Евгения Доброва. МОСТОПОЕЗД


(рассказы)


ТРЕНАЖЕР «ЗДОРОВЬЕ»

Папа решил вырастить из меня олимпийскую чемпионку. Поэтому я ходила на художественную гимнастику и в бассейн. Дома тоже была спортплощадка: широкий длинный коридор, где можно было растягиваться на шпагаты, и прибитый в дверном проеме турник. А в дальнем углу — новенький блестящий хромом тренажер «Здоровье»: шведская стенка с приставной гимнастической скамейкой и двумя эспандерами на пружинах. Папа даже не успел его привинтить, он просто прислонил тренажер к стене и сказал — не трогай!

— Не буду — пообещала я, — а где наша книжка?

По книжке мы занимались йогой. Через знакомых папа достал толстенный заграничный альбом под названием «Асаны» и изучал йогические позы. Бородатый мускулистый мужик на фотографиях вытворял жутковатые вещи. Напрягая прокачанный до кубиков пресс, он закатывал глаза так, что не было видно зрачков. Высовывал язык дальше подбородка. Втягивал ровно полживота — как по линеечке. Распластавшись вдоль пола, стоял на согнутой в локте руке.

Но кое-что можно было повторить.

Например, позу лотоса. Я взяла часы, чтобы засечь, сколько просижу. В прошлый раз удалось почти двадцать минут.

В лотосе я сидела по-честному: пятки к потолку.

И вдруг я увидела, как по полу на меня медленно-медленно едет железная ножка «Здоровья». Я успела разглядеть все песчинки на линолиуме, по которым она скользила, но расплестись не успела. Через долгую секунду верхняя перекладина шведской стенки со всего размаху приземлилась мне на макушку.

— А-а-а-а! — заорала я.

 В комнату вбежала мама. Глаза у нее были по пять копеек. Она оттащила железяку в сторону и побежала звонить в «скорую помощь».

Я никогда раньше не ездила на «скорой». Мне было страшно интересно: а как там? Оказалось, как на такси. Быстро и удобно. Нас с мамой посадили на какую-то скамеечку и через три минуты доставили в травмпункт центральной городской больницы.

— Что у вас стряслось? — спросила врачиха.
— На меня упал тренажер «Здоровье», — сказала я и посмотрела на маму.
— Оздоровилась, значит, — врачиха стучала  ногтем по шприцу, выгоняя воздух.
— Что за ребенок! — Мама испугалась, что врачиха отругает ее за безалаберность, и перешла к нападению. — Муж не успел привинтить, а она взяла и залезла.
— Не залезала я, оно само!

Не выпуская из руки  шприц, врачиха склонилась над моей макушкой.

— Маленькая ранка совсем, — сказала она. — Тебя не тошнит? Не кружится голова? Не болит?
— Нет.
— Сейчас укол сделаем от столбняка.

Я чувствовала себя прекрасно и с любопытством разглядывала блестящие лотки со шприцами. Как же они будут прокалывать голову, думала я. Вот интересно — как?

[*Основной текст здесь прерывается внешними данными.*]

lemma graded_sym_eq_on_sorted:
  fixes F G :: "nat list \<Rightarrow> 'a::field_char_0"
  assumes "graded_sym d F" "graded_sym d G"
    and P: "\<And>u a b v. P (u@a#b#v) \<Longrightarrow> P (u@b#a#v)"
    and agree: "\<And>w. sorted w \<Longrightarrow> \<not> odd_rep d w \<Longrightarrow> P w \<Longrightarrow> F w = G w"
  shows "P w \<Longrightarrow> F w = G w"
proof (induction w rule: measure_induct_rule[where f="\<lambda>w. length w * sum_list w - inversion_weight w"])
  case (less w)
  show ?case
  proof (cases "sorted w")
    case True
    show ?thesis
    proof (cases "odd_rep d w")
      case False show ?thesis using agree[OF True False less.prems] .
    next
      case True
      then obtain u a v where uv: "w = u@a#a#v" "odd (d a)" using sorted_odd_rep \<open>sorted w\<close> by blast
      have "F w = 0" unfolding uv(1) by (rule graded_sym_odd_repeat[OF assms(1) uv(2)])
      moreover have "G w = 0" unfolding uv(1) by (rule graded_sym_odd_repeat[OF assms(2) uv(2)])
      ultimately show ?thesis by simp
    qed
  next
    case False
    then obtain u a b v where w: "w = u@a#b#v" "a > b" using unsorted_split by blast
    let ?w' = "u@b#a#v"
    have "F ?w' = G ?w'"
      using less.IH[OF inversion_measure_swap[OF w(2), of u v, folded w(1)]] P[of u a b v] less.prems w(1)
      by simp
    moreover have "F w = kpair d a b * F ?w'" "G w = kpair d a b * G ?w'"
      unfolding w(1) using assms(1,2) by (auto intro: graded_symD)
    ultimately show ?thesis by simp
  qed
qed

lemma odd_rep_count: "odd_rep d w \<longleftrightarrow> (\<exists>a. odd (d a) \<and> 2 \<le> count (mset w) a)"
proof (induction w)
  case Nil then show ?case by simp
next
  case (Cons c w)
  show ?case
  proof
    assume "odd_rep d (c#w)"
    then show "\<exists>a. odd (d a) \<and> 2 \<le> count (mset (c#w)) a"
      unfolding odd_rep_Cons
    proof
      assume "odd (d c) \<and> c \<in> set w"
      then show ?thesis by (intro exI[of _ c]) (simp add: Suc_le_eq)
    next
      assume "odd_rep d w"
      then obtain a where a: "odd (d a)" "2 \<le> count (mset w) a" using Cons.IH by blast
      have "count (mset w) a \<le> count (mset (c#w)) a" by simp
      then show ?thesis using a by (intro exI[of _ a] conjI) linarith+
    qed
  next
    assume "\<exists>a. odd (d a) \<and> 2 \<le> count (mset (c#w)) a"
    then obtain a where a: "odd (d a)" "2 \<le> count (mset (c#w)) a" by blast
    show "odd_rep d (c#w)"
    proof (cases "a = c")
      case True
      have "count (mset (c#w)) c = Suc (count (mset w) c)" by simp
      moreover have "2 \<le> count (mset (c#w)) c" using a(2) True by simp
      ultimately have "count (mset w) c \<noteq> 0" by linarith
      then have "c \<in> set w" by (metis count_mset_0_iff)
      then show ?thesis using a True by (simp add: odd_rep_Cons)
    next
      case False
      then have "odd_rep d w" using a Cons.IH by auto
      then show ?thesis by (simp add: odd_rep_Cons)
    qed
  qed
qed

lemma odd_rep_mset: "mset u = mset v \<Longrightarrow> odd_rep d u = odd_rep d v"
  by (simp add: odd_rep_count)

lemma sort_mset: "mset u = mset v \<Longrightarrow> sort u = sort v"
  by (metis properties_for_sort mset_sort sorted_sort)

lemma wdeg_mset: "mset u = mset v \<Longrightarrow> wdeg d u = wdeg d v"
  unfolding wdeg_def by (metis mset_map sum_mset_sum_list)

lemma odd_rep_sort[simp]: "odd_rep d (sort w) = odd_rep d w"
  by (rule odd_rep_mset) simp

lemma wdeg_sort[simp]: "wdeg d (sort w) = wdeg d w"
  by (rule wdeg_mset) simp

lemma wdeg_filter_swap: "wdeg d (filter P (u@a#b#v)) = wdeg d (filter P (u@b#a#v))"
  by (rule wdeg_mset) simp

lemma ksort_sign_swap_Cons:
  assumes "a < b"
  shows "(ksort_sign d (a#b#v) :: 'a::comm_ring_1) = kpair d a b * ksort_sign d (b#a#v)"
proof -
  let ?A = "ksgn (d a * wdeg d (filter (\<lambda>c. c < a) v)) :: 'a"
  let ?B = "ksgn (d b * wdeg d (filter (\<lambda>c. c < b) v)) :: 'a"
  let ?K = "ksgn (d a * d b) :: 'a"
  have 1: "ksort_sign d (a#b#v) = ?A * (?B * ksort_sign d v)"
    using assms by (simp add: ksort_sign_Cons)
  have 2: "ksort_sign d (b#a#v) = ksgn (d b * (d a + wdeg d (filter (\<lambda>c. c < b) v))) * (?A * ksort_sign d v)"
    using assms by (simp add: ksort_sign_Cons)
  have 3: "ksgn (d b * (d a + wdeg d (filter (\<lambda>c. c < b) v))) = ?K * ?B"
    by (simp only: distrib_left ksgn_add mult.commute[of "d b" "d a"])
  have 4: "?K * ?K = 1" by (rule ksgn_sq)
  have "kpair d a b * ksort_sign d (b#a#v) = (?K * ?K) * (?A * (?B * ksort_sign d v))"
    unfolding 2 3 kpair_def by (simp only: mult_ac)
  then show ?thesis unfolding 4 1 by simp
qed

lemma ksort_sign_swap:
  assumes "a \<noteq> b"
  shows "(ksort_sign d (u@a#b#v) :: 'a::comm_ring_1) = kpair d a b * ksort_sign d (u@b#a#v)"
proof (induction u)
  case Nil
  show ?case
  proof (cases "a < b")
    case True
    then show ?thesis using ksort_sign_swap_Cons[OF True, of d v] by (simp only: append_Nil)
  next
    case False
    then have "b < a" using assms by simp
    then have "(ksort_sign d (b#a#v) :: 'a) = kpair d b a * ksort_sign d (a#b#v)" by (rule ksort_sign_swap_Cons)
    then have "kpair d a b * (ksort_sign d (b#a#v) :: 'a) = (kpair d a b * kpair d a b) * ksort_sign d (a#b#v)"
      by (simp add: kpair_comm mult.assoc)
    then show ?thesis by (simp only: kpair_sq mult_1 append_Nil)
  qed
next
  case (Cons c u)
  have "wdeg d (filter (\<lambda>x. x < c) (u@a#b#v)) = wdeg d (filter (\<lambda>x. x < c) (u@b#a#v))"
    by (rule wdeg_filter_swap)
  then show ?case unfolding append_Cons ksort_sign_Cons Cons by (simp only: mult_ac)
qed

Я уже поняла, что столбняк — это такой паралич. Если не сделать укол, можно остолбенеть. Превратиться в столб. Одеревенеть, и все тут.

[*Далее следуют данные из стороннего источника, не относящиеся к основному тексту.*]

(* Let $\mathcal{Y}$ be a set, fix $\alpha\in(0,1)$ and $b\in(0,\infty]$ (possibly $+\infty$). Let $L_t:2^{\mathcal{Y}}\times\mathcal{Y}\to[0,1]$, $t\in\mathbb{N}$, be loss functions with $L_t(\mathcal{Y},y)=0$ and $L_t(\emptyset,y)=1$ for all $y\in\mathcal{Y}$. Let $y_t\in\mathcal{Y}$ be arbitrary and let $\mathcal{C}_t\subseteq\mathcal{Y}$ be prediction sets determined by $q_t$ such that $\mathcal{C}_t=\emptyset$ whenever $q_t\le -b$ and $\mathcal{C}_t=\mathcal{Y}$ whenever $q_t\ge b$. Let $h:\mathbb{N}\to[0,\infty)$ be admissible (nonnegative, nondecreasing, sublinear: $h(t)/t\to0$), and let $r_t:\mathbb{R}\to[-\infty,\infty]$ satisfy, for some constant $c>0$ and all $t,x$, $$x \geq c\, h(t) \implies r_t(x) \geq b, \qquad x \leq -c\, h(t) \implies r_t(x) \leq -b.$$ With $q_1$ arbitrary, consider the iteration $$q_{t+1} = r_t\Big(\sum_{i=1}^t\big(L_i(\mathcal{C}_i,y_i)-\alpha\big)\Big).$$ Then for all $T\ge1$, $$\Bigg|\frac1T\sum_{t=1}^T\big(L_t(\mathcal{C}_t,y_t)-\alpha\big)\Bigg| \le \frac{c\,h(T)+1}{T}.$$
   Context: Deterministic online conformal risk control setting: no probabilistic assumptions on the sequence $y_t$. *)

theory Defs
  imports "HOL-Analysis.Analysis"
begin

definition admissible :: "(nat \<Rightarrow> real) \<Rightarrow> bool" where
  "admissible h \<longleftrightarrow> (\<forall>t. h t \<ge> 0) \<and> mono h \<and> ((\<lambda>t. h t / real t) \<longlonglongrightarrow> 0)"

end

theory Submission
  imports Defs
begin

text \<open>Write \<open>S\<^sub>t\<close> for the cumulative miscoverage \<open>\<Sum>\<^sub>i\<^sub>\<le>\<^sub>t (L\<^sub>i(C\<^sub>i, y\<^sub>i) - \<alpha>)\<close>. Each step
  changes \<open>S\<close> by at most 1. Whenever \<open>S\<^sub>t \<ge> c h(t)\<close>, the update forces \<open>q\<^sub>t\<^sub>+\<^sub>1 \<ge> b\<close>, so
  \<open>C\<^sub>t\<^sub>+\<^sub>1\<close> is the whole space, its loss is 0 and \<open>S\<close> decreases; symmetrically \<open>S\<close> increases
  whenever \<open>S\<^sub>t \<le> -c h(t)\<close>. A sequence with unit steps that is pushed back towards 0 outside
  the nondecreasing band \<open>\<plusminus>c h(t)\<close> never leaves the band \<open>\<plusminus>(c h(t) + 1)\<close>.\<close>

lemma abs_le_band_if_pushed_back:
  fixes S g :: "nat \<Rightarrow> real"
  assumes g_nonneg: "\<And>n. 0 \<le> g n" and g_mono: "mono g"
    and unit_step: "\<And>n. n \<ge> n\<^sub>0 \<Longrightarrow> \<bar>S (Suc n) - S n\<bar> \<le> 1"
    and push_down: "\<And>n. n \<ge> n\<^sub>0 \<Longrightarrow> S n \<ge> g n \<Longrightarrow> S (Suc n) \<le> S n"
    and push_up: "\<And>n. n \<ge> n\<^sub>0 \<Longrightarrow> S n \<le> - g n \<Longrightarrow> S (Suc n) \<ge> S n"
    and start: "\<bar>S n\<^sub>0\<bar> \<le> g n\<^sub>0 + 1"
    and "n\<^sub>0 \<le> n"
  shows "\<bar>S n\<bar> \<le> g n + 1"
  using \<open>n\<^sub>0 \<le> n\<close>
proof (induction n rule: dec_induct)
  case base
  show ?case by (fact start)
next
  case (step n)
  have mono_step: "g n \<le> g (Suc n)" using g_mono by (simp add: monoD)
  have small_step: "\<bar>S (Suc n) - S n\<bar> \<le> 1" using step.hyps(1) by (rule unit_step)
  consider "S n \<ge> g n" | "S n \<le> - g n" | "\<bar>S n\<bar> < g n" by linarith
  then show ?case
  proof cases
    case 1
    have "S (Suc n) \<le> S n" using push_down[OF step.hyps(1) 1] .
    with 1 step.IH mono_step small_step g_nonneg[of n] show ?thesis
      unfolding abs_le_iff abs_less_iff by linarith
  next
    case 2
    have "S (Suc n) \<ge> S n" using push_up[OF step.hyps(1) 2] .
    with 2 step.IH mono_step small_step g_nonneg[of n] show ?thesis
      unfolding abs_le_iff abs_less_iff by linarith
  next
    case 3
    with mono_step small_step show ?thesis
      unfolding abs_le_iff abs_less_iff by linarith
  qed
qed

theorem proposition3:
  fixes \<alpha> :: real and b :: ereal and c :: real
    and L :: "nat \<Rightarrow> 'y set \<Rightarrow> 'y \<Rightarrow> real"
    and y :: "nat \<Rightarrow> 'y"
    and Cset :: "nat \<Rightarrow> ereal \<Rightarrow> 'y set"
    and h :: "nat \<Rightarrow> real"
    and r :: "nat \<Rightarrow> real \<Rightarrow> ereal"
    and q :: "nat \<Rightarrow> ereal"
    and T :: nat
  assumes alpha: "0 < \<alpha>" "\<alpha> < 1"
    and b_pos: "0 < b"
    and L_range: "\<And>t S z. t \<ge> 1 \<Longrightarrow> 0 \<le> L t S z \<and> L t S z \<le> 1"
    and L_UNIV: "\<And>t z. t \<ge> 1 \<Longrightarrow> L t UNIV z = 0"
    and L_empty: "\<And>t z. t \<ge> 1 \<Longrightarrow> L t {} z = 1"
    and C_low: "\<And>t x. t \<ge> 1 \<Longrightarrow> x \<le> - b \<Longrightarrow> Cset t x = {}"
    and C_high: "\<And>t x. t \<ge> 1 \<Longrightarrow> x \<ge> b \<Longrightarrow> Cset t x = UNIV"
    and h_adm: "admissible h"
    and c_pos: "c > 0"
    and r_high: "\<And>t x. t \<ge> 1 \<Longrightarrow> x \<ge> c * h t \<Longrightarrow> r t x \<ge> b"
    and r_low: "\<And>t x. t \<ge> 1 \<Longrightarrow> x \<le> - c * h t \<Longrightarrow> r t x \<le> - b"
    and q_rec: "\<And>t. t \<ge> 1 \<Longrightarrow>
        q (Suc t) = r t (\<Sum>i=1..t. L i (Cset i (q i)) (y i) - \<alpha>)"
    and T_pos: "T \<ge> 1"
  shows "\<bar>(1 / real T) * (\<Sum>t=1..T. L t (Cset t (q t)) (y t) - \<alpha>)\<bar> \<le> (c * h T + 1) / real T"
proof -
  define loss where "loss t = L t (Cset t (q t)) (y t)" for t
  define S where "S n = (\<Sum>t=1..n. loss t - \<alpha>)" for n
  have S_Suc: "S (Suc n) - S n = loss (Suc n) - \<alpha>" for n
    by (simp add: S_def)
  have loss_range: "0 \<le> loss t" "loss t \<le> 1" if "t \<ge> 1" for t
    using L_range[OF that] by (auto simp: loss_def)
  have q_Suc: "q (Suc t) = r t (S t)" if "t \<ge> 1" for t
    using q_rec[OF that] by (simp add: S_def loss_def)
  have g_nonneg: "0 \<le> c * h n" for n
    using h_adm c_pos by (simp add: admissible_def)
  have g_mono: "mono (\<lambda>n. c * h n)"
    using h_adm c_pos by (auto simp: admissible_def mono_def)
  have unit_step: "\<bar>S (Suc n) - S n\<bar> \<le> 1" if "n \<ge> 1" for n
    using loss_range[of "Suc n"] alpha by (simp add: S_Suc abs_le_iff)
  have push_down: "S (Suc n) \<le> S n" if "n \<ge> 1" "S n \<ge> c * h n" for n
    using r_high[OF that] q_Suc[OF that(1)] S_Suc[of n] alpha by (simp add: loss_def C_high L_UNIV)
  have push_up: "S (Suc n) \<ge> S n" if "n \<ge> 1" "S n \<le> - (c * h n)" for n
    using r_low[of n "S n"] that q_Suc[OF that(1)] S_Suc[of n] alpha
    by (simp add: loss_def C_low L_empty)
  have start: "\<bar>S 1\<bar> \<le> c * h 1 + 1"
    using loss_range[of 1] alpha g_nonneg[of 1] by (simp add: S_def abs_le_iff)
  have "\<bar>S T\<bar> \<le> c * h T + 1"
    using abs_le_band_if_pushed_back[OF g_nonneg g_mono unit_step push_down push_up start T_pos] .
  then show ?thesis
    using T_pos by (simp add: S_def loss_def abs_mult divide_right_mono)
qed

end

— Приспусти штаны, — сказала врачиха, чем повергла меня в изумление.

Увидев мой взгляд, мама спешно заверила, что будет совсем не больно.

— Что — сюда?! — переспросила я на всякий случай.
— Куда же еще? Стой, не вертись. Твист дома станцуешь, — сказала врачиха и сделала мне укол. А затем соорудила на голове повязку из ваты и сетчатого бинта.

Обратно на «скорой» нас уже не повезли. Мы с мамой дождались автобуса и приехали домой сами.
 

В травмпункте меня простудили. Или заразили.

Никто не понял, как это произошло. На следующий день температура поднялась до тридцати девяти.

— Бедный ребенок, — глядя на градусник, пожалела участковая. — Тридцать три несчастья с хвостиком собрала.

Я лежала дома на своей кособокой кушетке, пила малиновый отвар и скучала. Играть лежа было неудобно, от пластинок со скрипучими голосами болела голова. Я взяла ржаной сухарик из вязаной крючком конфетницы, которую мама для жесткости накрахмаливала сахаром. Сухарик был слегка подгоревший, все нормальные я повыбирала еще утром. Хрум-хрум. Это кто тут у нас грызет сухари? Это прибежали мыши, чтобы отвезти карету Золушки на бал! Бинт-сеточку с головы я натянула на правую руку, как длинную бальную — по локоть — перчатку. Сеточка была тесновата, и предплечье порозовело.

— Сними немедленно, — сказал папа. — А то ночью рука отвалится и укатится под кровать, как сосиска.

Я вспомнила, как наша дачная соседка Люся выводила узкие тонкие бородавки, в изобилии украшавшие ее шею и декольте, которые она называла то кондиломами, то папилломами: берешь ниточку и туго перевязываешь ножку бородавки. Через некоторое время сама отвалится — кровь-то к ней не идет.

Я сняла с руки бинт и натянула обратно на голову. Ладно, пусть не перчатка. Пусть диадема.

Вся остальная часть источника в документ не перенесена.